Chimeric Antigen Receptor Therapy in Lymphoma

Introduction

Clinical trials of CD19 chimeric antigen receptor (CAR) T-cells have demonstrated promising survival outcomes and response rates in relapsed and/or refractory (r/r) non-Hodgkin lymphoma (NHL), providing a potentially curative treatment option for these heterogeneous, aggressive malignancies. There are currently four U.S. Food and Drug Administration (FDA)–approved commercially available CAR T-cell therapies for highly aggressive B-cell NHL, all directed toward CD19. Axicabtagene ciloleucil (axi-cel), tisagenlecleucel (tisa-cel), and lisocabtagene maraleucel (liso-cel) were approved by the FDA in 2017, 2018, and 2021, respectively, for r/r large B-cell lymphoma (LBCL) after two lines of systemic therapy. Brexucabtagene autoleucel (brexu-cel) gained approval for r/r mantle cell lymphoma (MCL) in 2020. In addition, axi-cel received approval for r/r follicular lymphoma (FL) after two lines of systemic therapy in March 2021. This section will summarize the clinical outcomes of the pivotal clinical trials leading to FDA approval of these therapies, as well as real-world data to explore clinical uptake and outcomes for these cellular therapies. This will be followed by a discussion of patient selection and recommendations for CAR T-cell therapy in B-cell lymphoma.
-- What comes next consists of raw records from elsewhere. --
lemma tree_trans: "s \<in> T \<Longrightarrow> t \<in> T \<Longrightarrow> u \<in> T \<Longrightarrow> lt s t \<Longrightarrow> lt t u \<Longrightarrow> lt s u"
  using tree unfolding tree_with_height_def by blast

lemma tree_bij_betw_preds: "t \<in> T \<Longrightarrow> bij_betw ht {s\<in>T. lt s t} {b. b < ht t}"
  using tree unfolding tree_with_height_def by blast

lemma tree_preds_ordered_by_ht:
  "t \<in> T \<Longrightarrow> s \<in> T \<Longrightarrow> s' \<in> T \<Longrightarrow> lt s t \<Longrightarrow> lt s' t \<Longrightarrow> lt s s' \<longleftrightarrow> ht s < ht s'"
  using tree unfolding tree_with_height_def by blast

lemma tree_ht_less: "s \<in> T \<Longrightarrow> t \<in> T \<Longrightarrow> lt s t \<Longrightarrow> ht s < ht t"
  using tree_bij_betw_preds[of t] unfolding bij_betw_def by blast

lemma tree_le_trans:
  "s \<in> T \<Longrightarrow> t \<in> T \<Longrightarrow> u \<in> T \<Longrightarrow> tree_le s t \<Longrightarrow> tree_le t u \<Longrightarrow> tree_le s u"
  unfolding tree_le_def using tree_trans by blast

lemma tree_le_ht: "s \<in> T \<Longrightarrow> t \<in> T \<Longrightarrow> tree_le s t \<Longrightarrow> ht s \<le> ht t"
  unfolding tree_le_def using tree_ht_less by fastforce

lemma lt_if_tree_le_common:
  assumes "p \<in> T" and "q \<in> T" and "w \<in> T" and "tree_le p w" and "tree_le q w" and "ht p < ht q"
  shows "lt p q"
proof -
  have "p \<noteq> w" using tree_le_ht[of q w] assms by auto
  then have "lt p w" using \<open>tree_le p w\<close> by (simp add: tree_le_def)
  show ?thesis
  proof (cases "q = w")
    case False
    then have "lt q w" using \<open>tree_le q w\<close> by (simp add: tree_le_def)
    then show ?thesis using tree_preds_ordered_by_ht assms \<open>lt p w\<close> by blast
  qed (use \<open>lt p w\<close> in simp)
qed

lemma pred_at_properties:
  assumes "t \<in> T" and "c \<le> ht t"
  shows pred_at_in_tree: "pred_at t c \<in> T" and ht_pred_at: "ht (pred_at t c) = c"
    and pred_at_le: "tree_le (pred_at t c) t"
proof -
  have "pred_at t c \<in> T \<and> ht (pred_at t c) = c \<and> tree_le (pred_at t c) t"
  proof (cases "c < ht t")
    case True
    then have c: "c \<in> ht ` {s\<in>T. lt s t}"
      using tree_bij_betw_preds[OF \<open>t \<in> T\<close>] by (simp add: bij_betw_def)
    have "inv_into {s\<in>T. lt s t} ht c \<in> {s\<in>T. lt s t}" using c by (rule inv_into_into)
    moreover have "ht (inv_into {s\<in>T. lt s t} ht c) = c" using c by (rule f_inv_into_f)
    ultimately show ?thesis using True by (simp add: pred_at_def tree_le_def)
  next
    case False
    then show ?thesis using assms by (simp add: pred_at_def tree_le_def)
  qed
  then show "pred_at t c \<in> T" "ht (pred_at t c) = c" "tree_le (pred_at t c) t" by simp_all
qed

lemma pred_at_ht:
  assumes "t \<in> T" and "s \<in> T" and "tree_le s t"
  shows "pred_at t (ht s) = s"
proof (cases "s = t")
  case False
  then have "lt s t" using \<open>tree_le s t\<close> by (simp add: tree_le_def)
  then have "ht s < ht t" using tree_ht_less assms by blast
  moreover have "inv_into {s\<in>T. lt s t} ht (ht s) = s"
    using tree_bij_betw_preds[OF \<open>t \<in> T\<close>] \<open>lt s t\<close> \<open>s \<in> T\<close> by (simp add: bij_betw_def)
  ultimately show ?thesis by (simp add: pred_at_def)
qed (simp add: pred_at_def)

lemma pred_at_tree_le:
  assumes "s \<in> T" and "t \<in> T" and "tree_le s t" and "c \<le> ht s"
  shows "pred_at s c = pred_at t c"
proof -
  have "tree_le (pred_at s c) t"
    using tree_le_trans pred_at_properties[OF \<open>s \<in> T\<close> \<open>c \<le> ht s\<close>] assms by blast
  then have "pred_at t (ht (pred_at s c)) = pred_at s c"
    using pred_at_ht pred_at_in_tree assms by blast
  then show ?thesis using ht_pred_at assms by simp
qed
Practical Aspects of Chimeric Antigen Receptor T-Cell Therapy

All of the currently available commercial products target the B-cell specific surface marker, CD19; however, they differ slightly in manufacturing and processing. Axi-cel contains an extracellular single-chained variable fragment (scFv) CD19 fused with a CD28 costimulatory domain followed by a CD3ζ signaling domain. Tisa-cel and liso-cel have a similar extracellular CD19 scFv as axi-cel but differ in that they have a 4-1BB intracellular costimulatory domain followed by CD3ζ signaling domain. Liso-cel has a unique manufacturing process. After leukapheresis, CD4 ⁺ and CD8 ⁺ T cells are separated, independently manufactured, and administered to patients at equal target concentrations; the CD8 ⁺ CAR T-cells are infused before the CD4 ⁺ CAR T-cells. At least for liso-cel, the fixed ratio of CD4 ⁺ :CD8 ⁺ cells may be important; it may also be the controlled dose and concentration with this construct that matters.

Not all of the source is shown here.